• **Your task**:
After counting the lines below that contain "moreover", reply with that number alone.

[[ Data under study, beginning ]]

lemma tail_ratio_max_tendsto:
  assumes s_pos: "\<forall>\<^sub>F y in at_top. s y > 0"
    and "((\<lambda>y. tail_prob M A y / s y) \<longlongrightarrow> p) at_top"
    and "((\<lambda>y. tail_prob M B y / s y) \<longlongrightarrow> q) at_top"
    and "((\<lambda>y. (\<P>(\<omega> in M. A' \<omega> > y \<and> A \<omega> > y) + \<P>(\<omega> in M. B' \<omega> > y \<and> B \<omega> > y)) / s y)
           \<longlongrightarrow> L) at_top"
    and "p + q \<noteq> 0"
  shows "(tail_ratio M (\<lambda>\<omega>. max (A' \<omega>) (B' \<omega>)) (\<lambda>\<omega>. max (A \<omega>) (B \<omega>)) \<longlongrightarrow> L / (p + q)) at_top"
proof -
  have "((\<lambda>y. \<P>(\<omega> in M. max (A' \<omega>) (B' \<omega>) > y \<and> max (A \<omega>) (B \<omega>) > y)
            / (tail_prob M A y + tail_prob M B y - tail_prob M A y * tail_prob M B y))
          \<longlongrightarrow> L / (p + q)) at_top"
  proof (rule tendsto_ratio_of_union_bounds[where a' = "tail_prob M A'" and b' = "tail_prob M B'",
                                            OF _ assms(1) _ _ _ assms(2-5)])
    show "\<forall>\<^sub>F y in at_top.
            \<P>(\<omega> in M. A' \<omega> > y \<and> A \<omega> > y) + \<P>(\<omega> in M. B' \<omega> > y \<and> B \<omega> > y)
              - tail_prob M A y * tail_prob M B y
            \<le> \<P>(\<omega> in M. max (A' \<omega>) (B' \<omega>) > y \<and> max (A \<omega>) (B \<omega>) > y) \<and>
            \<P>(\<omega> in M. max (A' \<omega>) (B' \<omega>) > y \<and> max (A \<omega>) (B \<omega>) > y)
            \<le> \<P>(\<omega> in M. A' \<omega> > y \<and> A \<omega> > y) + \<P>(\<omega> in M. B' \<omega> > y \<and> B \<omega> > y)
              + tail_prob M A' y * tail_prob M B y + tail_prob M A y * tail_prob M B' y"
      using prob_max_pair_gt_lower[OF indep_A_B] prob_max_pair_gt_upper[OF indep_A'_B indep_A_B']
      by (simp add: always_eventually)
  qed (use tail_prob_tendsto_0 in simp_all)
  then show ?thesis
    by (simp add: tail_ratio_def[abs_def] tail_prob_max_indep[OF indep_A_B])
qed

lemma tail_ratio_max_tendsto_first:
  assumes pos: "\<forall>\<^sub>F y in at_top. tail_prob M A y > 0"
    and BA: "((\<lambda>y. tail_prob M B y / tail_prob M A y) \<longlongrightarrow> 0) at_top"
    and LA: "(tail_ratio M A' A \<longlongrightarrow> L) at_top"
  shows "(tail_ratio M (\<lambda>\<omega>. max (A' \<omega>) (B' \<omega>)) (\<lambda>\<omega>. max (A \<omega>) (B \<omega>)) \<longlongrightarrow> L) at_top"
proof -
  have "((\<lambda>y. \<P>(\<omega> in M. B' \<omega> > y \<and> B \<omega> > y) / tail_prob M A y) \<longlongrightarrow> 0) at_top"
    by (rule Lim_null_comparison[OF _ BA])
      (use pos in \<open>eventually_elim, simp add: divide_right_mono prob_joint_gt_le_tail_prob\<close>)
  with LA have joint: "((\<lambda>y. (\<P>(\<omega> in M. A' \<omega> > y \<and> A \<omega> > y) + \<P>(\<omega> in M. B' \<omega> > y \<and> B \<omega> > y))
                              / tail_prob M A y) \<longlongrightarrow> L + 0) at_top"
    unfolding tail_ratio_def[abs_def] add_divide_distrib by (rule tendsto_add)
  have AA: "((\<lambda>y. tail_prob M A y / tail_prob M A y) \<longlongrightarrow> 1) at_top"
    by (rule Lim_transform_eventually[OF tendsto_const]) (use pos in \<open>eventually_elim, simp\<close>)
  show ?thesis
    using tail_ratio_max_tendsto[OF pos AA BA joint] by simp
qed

[[ Data under study, end ]]
[[ Data under study, beginning ]]

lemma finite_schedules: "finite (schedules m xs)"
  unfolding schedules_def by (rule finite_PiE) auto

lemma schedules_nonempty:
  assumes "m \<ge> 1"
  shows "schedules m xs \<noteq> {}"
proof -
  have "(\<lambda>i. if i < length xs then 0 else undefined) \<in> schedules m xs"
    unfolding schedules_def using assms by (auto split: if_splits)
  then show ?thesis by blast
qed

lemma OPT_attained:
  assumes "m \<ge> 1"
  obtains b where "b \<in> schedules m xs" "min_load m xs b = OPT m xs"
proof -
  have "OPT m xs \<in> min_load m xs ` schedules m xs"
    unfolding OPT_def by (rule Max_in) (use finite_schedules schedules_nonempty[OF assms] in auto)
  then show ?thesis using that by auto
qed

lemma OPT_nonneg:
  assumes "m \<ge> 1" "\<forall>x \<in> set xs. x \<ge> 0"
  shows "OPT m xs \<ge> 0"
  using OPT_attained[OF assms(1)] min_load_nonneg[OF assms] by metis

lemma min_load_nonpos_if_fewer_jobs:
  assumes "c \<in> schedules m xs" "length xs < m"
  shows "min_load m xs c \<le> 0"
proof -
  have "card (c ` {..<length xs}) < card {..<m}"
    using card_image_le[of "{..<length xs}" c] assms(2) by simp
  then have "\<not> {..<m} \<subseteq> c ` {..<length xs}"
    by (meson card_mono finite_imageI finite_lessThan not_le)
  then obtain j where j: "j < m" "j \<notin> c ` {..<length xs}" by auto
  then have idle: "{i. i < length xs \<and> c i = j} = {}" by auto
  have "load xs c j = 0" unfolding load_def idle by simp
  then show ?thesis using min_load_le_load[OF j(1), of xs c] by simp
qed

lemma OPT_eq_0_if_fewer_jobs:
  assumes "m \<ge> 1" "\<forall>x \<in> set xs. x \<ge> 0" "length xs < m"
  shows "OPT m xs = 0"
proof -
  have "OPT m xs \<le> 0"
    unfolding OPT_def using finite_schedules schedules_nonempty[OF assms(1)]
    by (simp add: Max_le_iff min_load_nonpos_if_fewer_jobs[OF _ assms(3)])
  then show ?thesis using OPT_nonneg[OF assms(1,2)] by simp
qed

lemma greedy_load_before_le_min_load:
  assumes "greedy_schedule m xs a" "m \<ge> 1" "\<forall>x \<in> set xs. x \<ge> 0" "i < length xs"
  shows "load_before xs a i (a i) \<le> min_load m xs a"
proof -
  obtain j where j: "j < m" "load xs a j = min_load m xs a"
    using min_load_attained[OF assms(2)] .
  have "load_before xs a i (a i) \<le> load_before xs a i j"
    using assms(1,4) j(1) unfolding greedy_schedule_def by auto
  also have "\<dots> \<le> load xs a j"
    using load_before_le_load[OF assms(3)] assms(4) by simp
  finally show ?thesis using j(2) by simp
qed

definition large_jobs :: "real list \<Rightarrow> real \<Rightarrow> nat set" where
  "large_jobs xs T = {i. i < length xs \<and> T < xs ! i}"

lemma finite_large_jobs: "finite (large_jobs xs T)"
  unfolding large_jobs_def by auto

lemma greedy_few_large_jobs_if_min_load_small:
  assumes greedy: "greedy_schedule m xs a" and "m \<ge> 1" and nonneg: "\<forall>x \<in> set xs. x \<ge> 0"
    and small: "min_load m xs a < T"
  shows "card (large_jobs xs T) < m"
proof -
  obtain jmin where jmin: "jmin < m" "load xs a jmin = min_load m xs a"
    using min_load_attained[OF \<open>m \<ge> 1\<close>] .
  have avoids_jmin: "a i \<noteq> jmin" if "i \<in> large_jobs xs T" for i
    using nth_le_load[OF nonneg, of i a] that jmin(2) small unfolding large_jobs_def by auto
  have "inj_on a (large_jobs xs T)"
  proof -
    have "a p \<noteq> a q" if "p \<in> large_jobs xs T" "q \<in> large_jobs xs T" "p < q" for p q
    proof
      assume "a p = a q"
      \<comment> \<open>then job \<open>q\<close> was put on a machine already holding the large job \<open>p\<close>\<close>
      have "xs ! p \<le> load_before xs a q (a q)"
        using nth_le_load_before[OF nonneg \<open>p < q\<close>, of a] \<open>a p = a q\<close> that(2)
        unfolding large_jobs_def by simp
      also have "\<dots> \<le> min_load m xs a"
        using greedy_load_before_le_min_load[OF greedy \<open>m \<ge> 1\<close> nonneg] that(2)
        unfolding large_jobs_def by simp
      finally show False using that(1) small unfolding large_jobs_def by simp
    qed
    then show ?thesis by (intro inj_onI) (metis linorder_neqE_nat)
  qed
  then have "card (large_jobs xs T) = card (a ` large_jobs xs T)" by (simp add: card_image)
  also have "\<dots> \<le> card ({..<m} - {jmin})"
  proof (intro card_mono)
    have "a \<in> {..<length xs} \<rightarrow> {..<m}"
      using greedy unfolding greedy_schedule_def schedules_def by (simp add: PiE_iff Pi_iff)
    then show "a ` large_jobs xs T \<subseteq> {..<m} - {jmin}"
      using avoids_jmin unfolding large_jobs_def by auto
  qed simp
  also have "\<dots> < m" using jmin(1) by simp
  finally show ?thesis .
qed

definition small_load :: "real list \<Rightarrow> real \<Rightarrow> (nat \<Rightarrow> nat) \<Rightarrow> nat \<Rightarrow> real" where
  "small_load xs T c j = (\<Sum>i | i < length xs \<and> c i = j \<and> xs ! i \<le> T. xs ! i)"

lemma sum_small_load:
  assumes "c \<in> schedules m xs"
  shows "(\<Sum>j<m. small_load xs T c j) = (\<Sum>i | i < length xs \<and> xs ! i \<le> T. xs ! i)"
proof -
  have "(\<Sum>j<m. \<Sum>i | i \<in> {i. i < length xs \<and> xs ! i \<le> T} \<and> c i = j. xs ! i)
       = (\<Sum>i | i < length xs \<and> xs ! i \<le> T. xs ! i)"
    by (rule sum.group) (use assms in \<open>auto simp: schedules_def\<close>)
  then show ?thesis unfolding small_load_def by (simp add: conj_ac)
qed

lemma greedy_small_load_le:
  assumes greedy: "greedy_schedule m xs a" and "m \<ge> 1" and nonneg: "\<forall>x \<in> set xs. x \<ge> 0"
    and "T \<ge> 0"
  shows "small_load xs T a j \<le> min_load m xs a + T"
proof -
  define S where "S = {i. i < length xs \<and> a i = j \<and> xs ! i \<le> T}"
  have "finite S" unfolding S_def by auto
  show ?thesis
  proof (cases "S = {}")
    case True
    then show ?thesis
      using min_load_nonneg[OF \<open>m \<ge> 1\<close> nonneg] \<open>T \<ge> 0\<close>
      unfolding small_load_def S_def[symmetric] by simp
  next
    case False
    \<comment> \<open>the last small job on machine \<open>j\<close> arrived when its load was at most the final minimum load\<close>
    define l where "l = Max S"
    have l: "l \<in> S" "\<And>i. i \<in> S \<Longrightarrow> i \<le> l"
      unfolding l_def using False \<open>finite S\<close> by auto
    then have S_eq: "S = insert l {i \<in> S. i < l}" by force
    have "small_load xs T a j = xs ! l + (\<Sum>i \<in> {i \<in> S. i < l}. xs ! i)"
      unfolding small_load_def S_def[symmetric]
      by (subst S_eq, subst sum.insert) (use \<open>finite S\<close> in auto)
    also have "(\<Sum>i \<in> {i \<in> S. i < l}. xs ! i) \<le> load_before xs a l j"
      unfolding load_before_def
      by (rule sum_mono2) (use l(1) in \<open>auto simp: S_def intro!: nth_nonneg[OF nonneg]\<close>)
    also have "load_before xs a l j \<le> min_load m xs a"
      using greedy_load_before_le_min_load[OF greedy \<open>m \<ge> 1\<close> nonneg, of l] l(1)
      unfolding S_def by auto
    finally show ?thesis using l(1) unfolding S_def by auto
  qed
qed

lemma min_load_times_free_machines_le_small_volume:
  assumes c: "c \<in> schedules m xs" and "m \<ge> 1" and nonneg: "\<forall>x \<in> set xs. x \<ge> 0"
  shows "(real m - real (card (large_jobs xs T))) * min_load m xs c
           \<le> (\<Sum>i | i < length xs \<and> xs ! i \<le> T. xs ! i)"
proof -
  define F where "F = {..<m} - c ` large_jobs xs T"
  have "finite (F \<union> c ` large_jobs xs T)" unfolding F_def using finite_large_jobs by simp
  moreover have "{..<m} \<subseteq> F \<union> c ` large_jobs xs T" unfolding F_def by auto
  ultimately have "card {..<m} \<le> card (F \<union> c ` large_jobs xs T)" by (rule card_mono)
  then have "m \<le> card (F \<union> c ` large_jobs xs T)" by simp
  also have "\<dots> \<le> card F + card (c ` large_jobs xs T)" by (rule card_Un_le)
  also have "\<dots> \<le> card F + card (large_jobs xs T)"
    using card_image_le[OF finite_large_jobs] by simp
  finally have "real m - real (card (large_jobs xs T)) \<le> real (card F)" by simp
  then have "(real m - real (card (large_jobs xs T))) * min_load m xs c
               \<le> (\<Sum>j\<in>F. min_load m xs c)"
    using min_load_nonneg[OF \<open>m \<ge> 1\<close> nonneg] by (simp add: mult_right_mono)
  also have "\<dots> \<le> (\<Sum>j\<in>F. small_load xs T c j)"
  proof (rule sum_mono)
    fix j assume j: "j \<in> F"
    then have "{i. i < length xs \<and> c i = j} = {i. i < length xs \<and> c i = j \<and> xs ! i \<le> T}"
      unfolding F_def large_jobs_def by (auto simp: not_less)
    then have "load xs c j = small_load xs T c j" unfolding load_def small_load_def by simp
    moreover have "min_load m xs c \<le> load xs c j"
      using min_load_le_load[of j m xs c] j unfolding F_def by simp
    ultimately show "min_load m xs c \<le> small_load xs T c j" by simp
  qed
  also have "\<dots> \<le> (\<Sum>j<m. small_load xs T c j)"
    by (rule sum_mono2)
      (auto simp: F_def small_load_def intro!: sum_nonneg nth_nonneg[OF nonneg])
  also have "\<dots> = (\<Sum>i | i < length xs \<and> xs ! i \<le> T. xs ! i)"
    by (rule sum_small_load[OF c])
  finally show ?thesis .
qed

[[ Data under study, end ]]

• **Solution below**:
2